(* Let $\gamma>\frac{4}{\sqrt n}$ and $B>\gamma\sqrt n$. For every input stream $a\in\{-1,0,1\}^n$, the output of algorithm $\mathsf{Apr}$ (with parameters $\gamma,B$) satisfies, with probability at least $1-\frac{1}{n^3}$ over its private randomness $r$, $$\Big|\mathsf{Apr}(a,r)-\sum_{j=1}^n a_j\Big|\le\frac{\gamma}{2}\sqrt n .$$ Consequently, for every distribution $\mathcal D$ on $\{-1,0,1\}^n$, $\mathbb E_{a\sim\mathcal D,r}\big[(\mathsf{Apr}(a,r)-\sum_{j=1}^n a_j)^2\big]\le\gamma^2 n$.
   Context: Algorithm $\mathsf{Apr}$ (logs base 2): set $p=\min\{6000\log^2 n\cdot\frac{B}{\gamma^2 n},1\}$ and counters $\Delta=\zeta=\Gamma=0$. For $j=1,\dots,n$: if $\zeta<20\log n\cdot pB$, draw an independent bit $r_j$ equal to $1$ with probability $p$, and if $r_j=1$ set $\Delta\leftarrow\Delta+a_j$ and $\zeta\leftarrow\zeta+\mathbb 1_{a_j\ne0}$; otherwise (if $\zeta\ge20\log n\cdot pB$) set $\Gamma\leftarrow\Gamma+a_j$. Output $\max\{\min\{\Delta/p+\Gamma,n\},-n\}$. *)

theory Defs
  imports "HOL-Probability.Probability"
begin

text \<open>Streams are integer lists of length n (list index j
corresponds to a_{j+1}); the private randomness is a function r :: nat => bool
whose value r j is the coin r_{j+1}; it is only consulted while the algorithm
is in sampling mode.\<close>

definition apr_p :: "real \<Rightarrow> real \<Rightarrow> nat \<Rightarrow> real" where
  "apr_p \<gamma> B n = min (6000 * (log 2 (real n))^2 * B / (\<gamma>^2 * real n)) 1"

definition apr_step :: "real \<Rightarrow> real \<Rightarrow> nat \<Rightarrow> int \<Rightarrow> bool \<Rightarrow>
    real \<times> real \<times> real \<Rightarrow> real \<times> real \<times> real" where
  "apr_step \<gamma> B n aj rj st =
     (case st of (\<Delta>, \<zeta>, \<Gamma>) \<Rightarrow>
        if \<zeta> < 20 * log 2 (real n) * apr_p \<gamma> B n * B then
          (if rj then (\<Delta> + real_of_int aj, \<zeta> + (if aj \<noteq> 0 then 1 else 0), \<Gamma>)
           else (\<Delta>, \<zeta>, \<Gamma>))
        else (\<Delta>, \<zeta>, \<Gamma> + real_of_int aj))"

definition apr_state :: "real \<Rightarrow> real \<Rightarrow> nat \<Rightarrow> int list \<Rightarrow> (nat \<Rightarrow> bool) \<Rightarrow> real \<times> real \<times> real" where
  "apr_state \<gamma> B n a r =
     foldl (\<lambda>st j. apr_step \<gamma> B n (a ! j) (r j) st) (0, 0, 0) [0..<n]"

definition apr :: "real \<Rightarrow> real \<Rightarrow> nat \<Rightarrow> int list \<Rightarrow> (nat \<Rightarrow> bool) \<Rightarrow> real" where
  "apr \<gamma> B n a r =
     (case apr_state \<gamma> B n a r of (\<Delta>, \<zeta>, \<Gamma>) \<Rightarrow>
        max (min (\<Delta> / apr_p \<gamma> B n + \<Gamma>) (real n)) (- real n))"

definition apr_coins :: "real \<Rightarrow> real \<Rightarrow> nat \<Rightarrow> (nat \<Rightarrow> bool) pmf" where
  "apr_coins \<gamma> B n = Pi_pmf {..<n} False (\<lambda>_. bernoulli_pmf (apr_p \<gamma> B n))"

end

theory Submission
  imports Defs
begin

text \<open>Before clamping, Apr errs by \<open>(1/p) * (\<Sum>i<k. a\<^sub>i * (r\<^sub>i - p))\<close>, where \<open>{..<k}\<close> is the
prefix of the stream on which it samples; the prefix ends once the number of sampled nonzero
entries reaches \<open>T = 20 * log n * p * B\<close>. The centred Bernoulli moment generating function is
at most \<open>exp (p * s\<^sup>2)\<close> for \<open>\<bar>s\<bar> \<le> 1\<close>, which gives a variance-sensitive Chernoff bound. For
a fixed prefix with \<open>N\<close> nonzero entries: if \<open>N \<le> 50 * log n * B\<close>, the weighted sum exceeds
\<open>p * \<gamma> * sqrt n / 2\<close> with probability at most \<open>2 * n\<^sup>-\<^sup>6\<close>; otherwise the count has mean
\<open>p * N\<close> far above \<open>T\<close> and stays below \<open>T + 1\<close> with probability at most \<open>n\<^sup>-\<^sup>6\<close>. A union
bound over the \<open>n\<close> prefixes gives failure probability \<open>n\<^sup>-\<^sup>3\<close>. Clamping to \<open>[-n, n]\<close> does
not increase the error and bounds it by \<open>2 * n\<close>, so the mean square error is at most
\<open>\<gamma>\<^sup>2 * n / 4 + 4 * n\<^sup>2 / n\<^sup>3 \<le> \<gamma>\<^sup>2 * n\<close>.\<close>

section \<open>Chernoff bounds for weighted Bernoulli sums\<close>

lemma exp_le_one_plus_self_plus_square:
  fixes x :: real
  assumes "\<bar>x\<bar> \<le> 1"
  shows "exp x \<le> 1 + x + x^2"
proof (cases "0 \<le> x")
  case True
  then show ?thesis using exp_bound[of x] assms by simp
next
  case False
  define y where "y = - x"
  have y: "0 \<le> y" "y \<le> 1" using False assms by (auto simp: y_def)
  have "1 \<le> 1 + y^2/2 + y^3/2 + y^4/2" using y by simp
  also have "\<dots> = (1 - y + y^2) * (1 + y + y^2/2)"
    by (simp add: field_simps power2_eq_square power3_eq_cube power4_eq_xxxx)
  also have "\<dots> \<le> (1 - y + y^2) * exp y"
  proof (rule mult_left_mono)
    show "1 + y + y^2/2 \<le> exp y" using exp_lower_Taylor_quadratic y by simp
    show "0 \<le> 1 - y + y^2" using y by (simp add: power2_eq_square mult_le_one)
  qed
  finally have "exp (- y) \<le> 1 - y + y^2" by (simp add: exp_minus field_simps)
  then show ?thesis by (simp add: y_def)
qed

lemma bernoulli_centered_mgf_le:
  fixes p s :: real
  assumes "0 \<le> p" "p \<le> 1" "\<bar>s\<bar> \<le> 1"
  shows "measure_pmf.expectation (bernoulli_pmf p) (\<lambda>b. exp (s * (of_bool b - p))) \<le> exp (p * s^2)"
proof -
  have "measure_pmf.expectation (bernoulli_pmf p) (\<lambda>b. exp (s * (of_bool b - p)))
      = exp (- (s * p)) * (1 + p * (exp s - 1))"
    using assms by (simp add: algebra_simps exp_diff exp_minus field_simps)
  also have "\<dots> \<le> exp (- (s * p)) * exp (p * (exp s - 1))"
    using exp_ge_add_one_self[of "p * (exp s - 1)"] by (intro mult_left_mono) auto
  also have "\<dots> = exp (p * (exp s - 1 - s))" by (simp add: exp_add[symmetric] algebra_simps)
  also have "\<dots> \<le> exp (p * s^2)"
    using exp_le_one_plus_self_plus_square[OF assms(3)] assms by (intro exp_mono mult_left_mono) auto
  finally show ?thesis .
qed

lemma finite_set_pmf_Pi_pmf_bool:
  "finite I \<Longrightarrow> finite (set_pmf (Pi_pmf I dflt (q :: 'i \<Rightarrow> bool pmf)))"
  by (subst set_Pi_pmf) (auto intro!: finite_PiE_dflt)

lemma Pi_pmf_bernoulli_weighted_sum_mgf_le:
  fixes c :: "'i \<Rightarrow> real"
  assumes I: "finite I" "J \<subseteq> I" and p: "0 \<le> p" "p \<le> 1" and c: "\<And>i. i \<in> J \<Longrightarrow> \<bar>c i\<bar> \<le> 1"
  shows "measure_pmf.expectation (Pi_pmf I dflt (\<lambda>_. bernoulli_pmf p))
           (\<lambda>r. exp (\<Sum>i\<in>J. c i * (of_bool (r i) - p)))
         \<le> exp (p * (\<Sum>i\<in>J. (c i)^2))"
proof -
  define f where "f i b = (if i \<in> J then exp (c i * (of_bool b - p)) else 1)" for i b
  have "(\<lambda>r. exp (\<Sum>i\<in>J. c i * (of_bool (r i) - p))) = (\<lambda>r. \<Prod>i\<in>I. f i (r i))"
    using I finite_subset[OF I(2,1)]
    by (simp add: fun_eq_iff exp_sum f_def prod.inter_restrict[symmetric] Int_absorb1)
  then have "measure_pmf.expectation (Pi_pmf I dflt (\<lambda>_. bernoulli_pmf p))
      (\<lambda>r. exp (\<Sum>i\<in>J. c i * (of_bool (r i) - p)))
      = (\<Prod>i\<in>I. measure_pmf.expectation (bernoulli_pmf p) (f i))"
    by (simp only:) (rule expectation_prod_Pi_pmf, auto simp: f_def I intro!: integrable_measure_pmf_finite)
  also have "\<dots> \<le> (\<Prod>i\<in>I. exp (if i \<in> J then p * (c i)^2 else 0))"
  proof (rule prod_mono, rule conjI)
    fix i
    show "0 \<le> measure_pmf.expectation (bernoulli_pmf p) (f i)"
      by (rule integral_nonneg_AE) (simp add: f_def)
    show "measure_pmf.expectation (bernoulli_pmf p) (f i) \<le> exp (if i \<in> J then p * (c i)^2 else 0)"
    proof (cases "i \<in> J")
      case True
      then have "f i = (\<lambda>b. exp (c i * (of_bool b - p)))" by (simp add: f_def fun_eq_iff)
      then show ?thesis using bernoulli_centered_mgf_le[OF p c[OF True]] True by simp
    qed (use p in \<open>simp add: f_def\<close>)
  qed
  also have "\<dots> = exp (p * (\<Sum>i\<in>J. (c i)^2))"
    using I by (simp add: exp_sum[symmetric] sum.inter_restrict[symmetric] Int_absorb1 sum_distrib_left)
  finally show ?thesis .
qed

lemma Pi_pmf_bernoulli_weighted_sum_tail:
  fixes c :: "'i \<Rightarrow> real"
  assumes I: "finite I" "J \<subseteq> I" and p: "0 \<le> p" "p \<le> 1" and l: "0 < l" "l \<le> 1"
    and c: "\<And>i. i \<in> J \<Longrightarrow> \<bar>c i\<bar> \<le> 1"
  shows "measure_pmf.prob (Pi_pmf I dflt (\<lambda>_. bernoulli_pmf p))
           {r. u \<le> (\<Sum>i\<in>J. c i * (of_bool (r i) - p))}
         \<le> exp (- l * u + l^2 * p * (\<Sum>i\<in>J. (c i)^2))"
proof -
  define M where "M = Pi_pmf I dflt (\<lambda>_. bernoulli_pmf p)"
  define X where "X r = (\<Sum>i\<in>J. c i * (of_bool (r i) - p))" for r :: "'i \<Rightarrow> bool"
  have "measure_pmf.prob M {r. u \<le> X r} \<le> exp (- l * u) * measure_pmf.expectation M (\<lambda>r. exp (l * X r))"
    using measure_pmf.Chernoff_ineq_ge[of l M UNIV X u] l
    by (simp add: set_integrable_def set_lebesgue_integral_def M_def
        integrable_measure_pmf_finite finite_set_pmf_Pi_pmf_bool I)
  also have "(\<lambda>r. exp (l * X r)) = (\<lambda>r. exp (\<Sum>i\<in>J. (l * c i) * (of_bool (r i) - p)))"
    by (simp add: X_def sum_distrib_left mult.assoc)
  also have "measure_pmf.expectation M \<dots> \<le> exp (p * (\<Sum>i\<in>J. (l * c i)^2))"
    unfolding M_def using c l
    by (intro Pi_pmf_bernoulli_weighted_sum_mgf_le I p) (simp add: abs_mult mult_le_one)
  also have "\<dots> = exp (l^2 * p * (\<Sum>i\<in>J. (c i)^2))"
    by (simp add: power_mult_distrib sum_distrib_left mult_ac)
  finally show ?thesis
    by (simp add: M_def X_def exp_add[symmetric] mult_left_mono)
qed

lemma Pi_pmf_bernoulli_weighted_sum_abs_tail:
  fixes c :: "'i \<Rightarrow> real"
  assumes "finite I" "J \<subseteq> I" "0 \<le> p" "p \<le> 1" "0 < l" "l \<le> 1"
    and "\<And>i. i \<in> J \<Longrightarrow> \<bar>c i\<bar> \<le> 1"
  shows "measure_pmf.prob (Pi_pmf I dflt (\<lambda>_. bernoulli_pmf p))
           {r. u \<le> \<bar>\<Sum>i\<in>J. c i * (of_bool (r i) - p)\<bar>}
         \<le> 2 * exp (- l * u + l^2 * p * (\<Sum>i\<in>J. (c i)^2))"
proof -
  let ?M = "Pi_pmf I dflt (\<lambda>_. bernoulli_pmf p)"
  let ?X = "\<lambda>c r. \<Sum>i\<in>J. c i * (of_bool (r i) - p)"
  have "{r. u \<le> \<bar>?X c r\<bar>} = {r. u \<le> ?X c r} \<union> {r. u \<le> ?X (\<lambda>i. - c i) r}"
    by (auto simp: sum_negf abs_le_iff)
  then have "measure_pmf.prob ?M {r. u \<le> \<bar>?X c r\<bar>}
      \<le> measure_pmf.prob ?M {r. u \<le> ?X c r} + measure_pmf.prob ?M {r. u \<le> ?X (\<lambda>i. - c i) r}"
    by (simp add: measure_Un_le)
  also have "\<dots> \<le> 2 * exp (- l * u + l^2 * p * (\<Sum>i\<in>J. (c i)^2))"
    using Pi_pmf_bernoulli_weighted_sum_tail[OF assms(1-6), of c dflt u]
      Pi_pmf_bernoulli_weighted_sum_tail[OF assms(1-6), of "\<lambda>i. - c i" dflt u] assms(7)
    by simp
  finally show ?thesis .
qed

== TASK INSTRUCTIONS ==
Show every line from the entries that includes the word "shows".

== RESPONSE TO THE TASK ==
  shows "exp x \<le> 1 + x + x^2"
  shows "measure_pmf.expectation (bernoulli_pmf p) (\<lambda>b. exp (s * (of_bool b - p))) \<le> exp (p * s^2)"
  shows "measure_pmf.expectation (Pi_pmf I dflt (\<lambda>_. bernoulli_pmf p))
  shows "measure_pmf.prob (Pi_pmf I dflt (\<lambda>_. bernoulli_pmf p))
  shows "measure_pmf.prob (Pi_pmf I dflt (\<lambda>_. bernoulli_pmf p))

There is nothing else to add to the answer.